╭─ Dataset content
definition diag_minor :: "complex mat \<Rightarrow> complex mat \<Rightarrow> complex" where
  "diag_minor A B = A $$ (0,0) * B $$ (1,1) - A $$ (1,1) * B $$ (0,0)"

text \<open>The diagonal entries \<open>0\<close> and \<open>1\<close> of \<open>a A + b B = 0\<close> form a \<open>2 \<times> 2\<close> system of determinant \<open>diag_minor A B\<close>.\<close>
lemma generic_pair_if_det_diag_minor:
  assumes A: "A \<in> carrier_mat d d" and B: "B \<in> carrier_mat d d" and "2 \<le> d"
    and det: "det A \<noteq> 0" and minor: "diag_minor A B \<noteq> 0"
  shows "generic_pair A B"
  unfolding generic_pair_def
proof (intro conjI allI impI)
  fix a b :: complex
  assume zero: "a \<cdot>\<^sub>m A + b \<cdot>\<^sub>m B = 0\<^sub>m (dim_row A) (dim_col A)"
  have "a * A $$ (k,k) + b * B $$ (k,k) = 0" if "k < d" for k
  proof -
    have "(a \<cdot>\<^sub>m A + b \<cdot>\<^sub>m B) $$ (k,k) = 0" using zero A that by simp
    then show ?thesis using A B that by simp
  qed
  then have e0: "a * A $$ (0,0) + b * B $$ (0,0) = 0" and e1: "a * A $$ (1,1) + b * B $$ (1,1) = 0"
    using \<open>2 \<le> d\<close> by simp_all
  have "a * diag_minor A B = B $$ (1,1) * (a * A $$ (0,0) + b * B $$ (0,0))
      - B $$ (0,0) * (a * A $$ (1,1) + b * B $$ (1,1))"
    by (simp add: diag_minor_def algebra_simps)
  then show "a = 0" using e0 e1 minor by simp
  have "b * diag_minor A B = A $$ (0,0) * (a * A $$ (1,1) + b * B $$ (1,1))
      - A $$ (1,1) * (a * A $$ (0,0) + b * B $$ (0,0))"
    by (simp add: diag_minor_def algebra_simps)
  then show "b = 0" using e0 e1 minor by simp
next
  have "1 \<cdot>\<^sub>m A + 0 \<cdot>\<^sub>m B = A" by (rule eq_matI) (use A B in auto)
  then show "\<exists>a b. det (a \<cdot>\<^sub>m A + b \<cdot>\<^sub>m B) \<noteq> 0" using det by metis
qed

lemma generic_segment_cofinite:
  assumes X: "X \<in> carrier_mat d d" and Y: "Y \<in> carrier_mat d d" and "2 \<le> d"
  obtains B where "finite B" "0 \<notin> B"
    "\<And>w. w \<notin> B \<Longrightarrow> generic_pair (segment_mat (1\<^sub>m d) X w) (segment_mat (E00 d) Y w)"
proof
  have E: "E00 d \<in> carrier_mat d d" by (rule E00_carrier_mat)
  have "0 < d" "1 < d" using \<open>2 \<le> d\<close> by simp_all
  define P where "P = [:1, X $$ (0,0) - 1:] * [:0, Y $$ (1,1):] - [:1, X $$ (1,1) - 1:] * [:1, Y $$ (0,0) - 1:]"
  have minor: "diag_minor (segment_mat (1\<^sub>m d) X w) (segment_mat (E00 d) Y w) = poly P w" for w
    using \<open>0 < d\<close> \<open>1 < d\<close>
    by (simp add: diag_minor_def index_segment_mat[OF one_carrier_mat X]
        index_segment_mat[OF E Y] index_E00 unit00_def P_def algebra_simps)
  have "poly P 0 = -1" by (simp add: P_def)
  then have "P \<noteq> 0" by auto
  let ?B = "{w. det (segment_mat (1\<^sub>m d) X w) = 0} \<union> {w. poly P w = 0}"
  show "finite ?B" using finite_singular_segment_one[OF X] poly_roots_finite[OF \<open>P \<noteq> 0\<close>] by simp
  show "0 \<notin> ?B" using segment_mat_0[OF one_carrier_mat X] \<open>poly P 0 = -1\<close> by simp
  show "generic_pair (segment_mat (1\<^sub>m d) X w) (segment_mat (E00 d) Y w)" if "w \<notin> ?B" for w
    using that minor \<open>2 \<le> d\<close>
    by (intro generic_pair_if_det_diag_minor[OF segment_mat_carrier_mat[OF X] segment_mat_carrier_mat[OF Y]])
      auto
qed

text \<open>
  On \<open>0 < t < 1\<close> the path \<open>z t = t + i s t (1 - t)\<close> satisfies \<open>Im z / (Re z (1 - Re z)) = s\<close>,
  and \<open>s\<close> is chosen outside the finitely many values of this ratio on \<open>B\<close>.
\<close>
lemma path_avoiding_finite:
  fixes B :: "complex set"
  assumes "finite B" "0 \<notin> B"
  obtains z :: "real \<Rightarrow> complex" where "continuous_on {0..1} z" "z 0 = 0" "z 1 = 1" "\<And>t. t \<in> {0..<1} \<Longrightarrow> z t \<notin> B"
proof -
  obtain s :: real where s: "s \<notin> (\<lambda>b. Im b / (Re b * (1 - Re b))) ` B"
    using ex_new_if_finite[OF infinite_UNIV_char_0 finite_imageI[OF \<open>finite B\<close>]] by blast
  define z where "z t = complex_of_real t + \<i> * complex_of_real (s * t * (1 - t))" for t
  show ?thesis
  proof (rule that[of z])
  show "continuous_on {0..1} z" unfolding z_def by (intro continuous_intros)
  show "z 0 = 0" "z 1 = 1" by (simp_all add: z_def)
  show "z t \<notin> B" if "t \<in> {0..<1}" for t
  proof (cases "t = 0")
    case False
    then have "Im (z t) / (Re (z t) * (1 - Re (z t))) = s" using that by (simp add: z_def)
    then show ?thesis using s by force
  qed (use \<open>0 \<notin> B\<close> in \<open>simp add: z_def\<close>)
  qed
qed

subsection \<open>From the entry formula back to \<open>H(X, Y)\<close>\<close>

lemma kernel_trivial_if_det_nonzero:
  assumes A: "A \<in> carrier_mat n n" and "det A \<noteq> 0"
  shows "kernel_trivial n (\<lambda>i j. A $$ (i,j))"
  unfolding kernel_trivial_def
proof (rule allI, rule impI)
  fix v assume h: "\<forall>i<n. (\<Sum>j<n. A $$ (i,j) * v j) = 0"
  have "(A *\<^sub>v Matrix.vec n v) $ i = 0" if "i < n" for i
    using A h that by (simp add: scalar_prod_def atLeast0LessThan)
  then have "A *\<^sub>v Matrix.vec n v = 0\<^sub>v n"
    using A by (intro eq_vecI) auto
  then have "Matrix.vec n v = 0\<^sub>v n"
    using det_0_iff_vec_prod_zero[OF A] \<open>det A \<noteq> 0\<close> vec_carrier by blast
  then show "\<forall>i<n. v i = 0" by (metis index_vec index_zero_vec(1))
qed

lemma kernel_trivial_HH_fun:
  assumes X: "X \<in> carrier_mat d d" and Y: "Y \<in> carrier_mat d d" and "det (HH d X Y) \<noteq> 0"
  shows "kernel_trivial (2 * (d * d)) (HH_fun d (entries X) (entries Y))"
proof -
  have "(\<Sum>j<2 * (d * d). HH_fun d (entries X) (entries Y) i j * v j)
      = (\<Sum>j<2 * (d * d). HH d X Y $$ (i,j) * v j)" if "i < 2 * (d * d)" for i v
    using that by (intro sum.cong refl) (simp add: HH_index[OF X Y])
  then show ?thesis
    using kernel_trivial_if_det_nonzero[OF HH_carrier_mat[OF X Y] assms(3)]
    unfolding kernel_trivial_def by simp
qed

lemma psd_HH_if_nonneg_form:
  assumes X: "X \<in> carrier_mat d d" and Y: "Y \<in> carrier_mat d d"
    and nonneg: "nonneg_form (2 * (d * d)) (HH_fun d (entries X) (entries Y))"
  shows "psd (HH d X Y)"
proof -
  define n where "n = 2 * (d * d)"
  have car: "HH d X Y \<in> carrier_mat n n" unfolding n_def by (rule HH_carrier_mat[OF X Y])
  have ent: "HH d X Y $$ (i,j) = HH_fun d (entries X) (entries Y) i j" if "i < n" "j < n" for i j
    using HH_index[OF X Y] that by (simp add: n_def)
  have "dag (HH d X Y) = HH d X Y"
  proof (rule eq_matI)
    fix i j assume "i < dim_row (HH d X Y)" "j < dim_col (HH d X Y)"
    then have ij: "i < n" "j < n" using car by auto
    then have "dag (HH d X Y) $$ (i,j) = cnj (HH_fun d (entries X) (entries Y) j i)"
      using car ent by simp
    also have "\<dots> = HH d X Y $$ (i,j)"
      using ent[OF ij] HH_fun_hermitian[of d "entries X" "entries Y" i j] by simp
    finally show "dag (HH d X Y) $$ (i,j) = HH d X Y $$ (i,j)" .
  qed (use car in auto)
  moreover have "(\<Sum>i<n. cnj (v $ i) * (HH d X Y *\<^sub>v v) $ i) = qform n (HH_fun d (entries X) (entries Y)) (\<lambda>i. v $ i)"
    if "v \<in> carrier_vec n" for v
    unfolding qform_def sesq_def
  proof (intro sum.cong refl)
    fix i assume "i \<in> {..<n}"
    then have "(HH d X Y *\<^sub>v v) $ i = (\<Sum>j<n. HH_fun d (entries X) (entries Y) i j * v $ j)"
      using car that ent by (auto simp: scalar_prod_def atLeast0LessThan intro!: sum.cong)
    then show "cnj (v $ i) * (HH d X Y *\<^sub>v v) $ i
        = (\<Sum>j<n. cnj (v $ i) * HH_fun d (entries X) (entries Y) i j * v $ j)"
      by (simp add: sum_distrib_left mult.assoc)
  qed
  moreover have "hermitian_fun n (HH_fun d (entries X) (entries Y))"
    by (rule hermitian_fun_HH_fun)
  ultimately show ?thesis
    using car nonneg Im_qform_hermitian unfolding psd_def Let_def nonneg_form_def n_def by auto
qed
╰─
╭─ Dataset content
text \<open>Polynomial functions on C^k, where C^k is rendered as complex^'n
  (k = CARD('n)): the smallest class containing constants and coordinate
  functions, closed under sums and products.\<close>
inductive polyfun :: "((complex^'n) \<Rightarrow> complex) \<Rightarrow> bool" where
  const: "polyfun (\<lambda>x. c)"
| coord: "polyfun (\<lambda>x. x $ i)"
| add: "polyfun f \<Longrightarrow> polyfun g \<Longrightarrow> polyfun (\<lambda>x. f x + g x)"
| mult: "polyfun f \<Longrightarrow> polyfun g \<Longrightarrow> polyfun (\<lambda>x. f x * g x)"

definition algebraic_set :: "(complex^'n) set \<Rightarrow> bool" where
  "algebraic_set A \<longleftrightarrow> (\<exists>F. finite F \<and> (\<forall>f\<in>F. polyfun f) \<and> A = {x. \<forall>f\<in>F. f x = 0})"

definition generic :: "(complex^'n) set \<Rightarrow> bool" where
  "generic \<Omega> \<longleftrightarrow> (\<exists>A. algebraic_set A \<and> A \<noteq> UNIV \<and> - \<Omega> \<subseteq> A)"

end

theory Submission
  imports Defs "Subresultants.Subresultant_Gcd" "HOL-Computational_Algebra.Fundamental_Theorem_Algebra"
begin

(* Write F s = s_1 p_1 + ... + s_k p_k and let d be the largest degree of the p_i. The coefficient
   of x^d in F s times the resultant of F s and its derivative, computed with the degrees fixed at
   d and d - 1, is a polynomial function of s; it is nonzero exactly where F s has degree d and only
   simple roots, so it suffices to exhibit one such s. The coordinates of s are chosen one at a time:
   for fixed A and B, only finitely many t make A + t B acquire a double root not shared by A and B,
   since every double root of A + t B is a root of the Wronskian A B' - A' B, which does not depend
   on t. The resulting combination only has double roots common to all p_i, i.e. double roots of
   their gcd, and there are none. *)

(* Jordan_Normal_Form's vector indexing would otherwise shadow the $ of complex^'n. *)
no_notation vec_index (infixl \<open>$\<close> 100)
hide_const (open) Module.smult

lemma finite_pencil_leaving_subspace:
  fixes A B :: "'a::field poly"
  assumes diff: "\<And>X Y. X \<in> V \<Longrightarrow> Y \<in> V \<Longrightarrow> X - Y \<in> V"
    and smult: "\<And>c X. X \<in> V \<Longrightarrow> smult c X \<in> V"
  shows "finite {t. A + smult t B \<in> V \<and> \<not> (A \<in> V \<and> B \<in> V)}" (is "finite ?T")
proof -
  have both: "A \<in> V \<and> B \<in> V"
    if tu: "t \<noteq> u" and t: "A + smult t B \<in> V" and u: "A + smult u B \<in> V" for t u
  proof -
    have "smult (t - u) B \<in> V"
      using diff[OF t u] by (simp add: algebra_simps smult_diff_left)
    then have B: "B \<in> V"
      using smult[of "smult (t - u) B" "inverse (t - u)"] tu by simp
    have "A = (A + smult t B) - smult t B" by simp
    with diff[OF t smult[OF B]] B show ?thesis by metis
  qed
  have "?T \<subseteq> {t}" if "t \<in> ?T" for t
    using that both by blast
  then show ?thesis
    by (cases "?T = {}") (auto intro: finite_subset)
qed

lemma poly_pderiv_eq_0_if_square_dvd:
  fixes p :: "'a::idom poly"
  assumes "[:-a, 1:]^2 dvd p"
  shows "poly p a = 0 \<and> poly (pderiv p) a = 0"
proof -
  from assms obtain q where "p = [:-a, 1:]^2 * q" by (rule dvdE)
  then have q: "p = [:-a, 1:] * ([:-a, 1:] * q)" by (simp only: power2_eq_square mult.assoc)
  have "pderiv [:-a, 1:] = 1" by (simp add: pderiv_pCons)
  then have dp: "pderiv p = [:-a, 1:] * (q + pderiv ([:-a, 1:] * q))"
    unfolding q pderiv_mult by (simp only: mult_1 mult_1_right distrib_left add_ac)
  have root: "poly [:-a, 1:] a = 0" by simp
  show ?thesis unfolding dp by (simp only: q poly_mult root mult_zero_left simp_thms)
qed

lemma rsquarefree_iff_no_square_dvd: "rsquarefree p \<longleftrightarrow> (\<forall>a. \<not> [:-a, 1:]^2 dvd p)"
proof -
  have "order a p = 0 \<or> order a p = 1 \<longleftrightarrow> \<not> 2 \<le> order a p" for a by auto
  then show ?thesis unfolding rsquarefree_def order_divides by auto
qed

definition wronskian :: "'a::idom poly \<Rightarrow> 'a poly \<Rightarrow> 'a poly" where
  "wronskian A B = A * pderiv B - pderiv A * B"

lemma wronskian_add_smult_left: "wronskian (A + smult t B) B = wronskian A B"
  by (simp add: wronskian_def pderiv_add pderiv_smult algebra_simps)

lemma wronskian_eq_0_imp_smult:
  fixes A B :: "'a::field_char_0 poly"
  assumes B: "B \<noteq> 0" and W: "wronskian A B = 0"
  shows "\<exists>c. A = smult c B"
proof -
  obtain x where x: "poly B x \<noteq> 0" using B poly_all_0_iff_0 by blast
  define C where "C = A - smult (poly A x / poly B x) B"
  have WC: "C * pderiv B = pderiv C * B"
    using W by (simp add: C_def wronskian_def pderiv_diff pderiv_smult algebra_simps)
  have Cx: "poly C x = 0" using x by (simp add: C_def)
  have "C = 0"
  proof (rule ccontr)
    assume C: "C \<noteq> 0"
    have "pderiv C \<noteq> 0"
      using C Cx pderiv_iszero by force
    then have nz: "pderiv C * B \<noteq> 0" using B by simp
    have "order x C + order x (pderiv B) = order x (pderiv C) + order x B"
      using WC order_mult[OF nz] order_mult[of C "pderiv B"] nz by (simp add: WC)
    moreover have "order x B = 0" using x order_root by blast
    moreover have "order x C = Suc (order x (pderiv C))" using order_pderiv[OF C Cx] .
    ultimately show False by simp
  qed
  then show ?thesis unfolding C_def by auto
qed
╰─
Problem requirements:
List every line above that holds the word "assoc".

Result for this exercise:
      by (simp add: sum_distrib_left mult.assoc)
  then have q: "p = [:-a, 1:] * ([:-a, 1:] * q)" by (simp only: power2_eq_square mult.assoc)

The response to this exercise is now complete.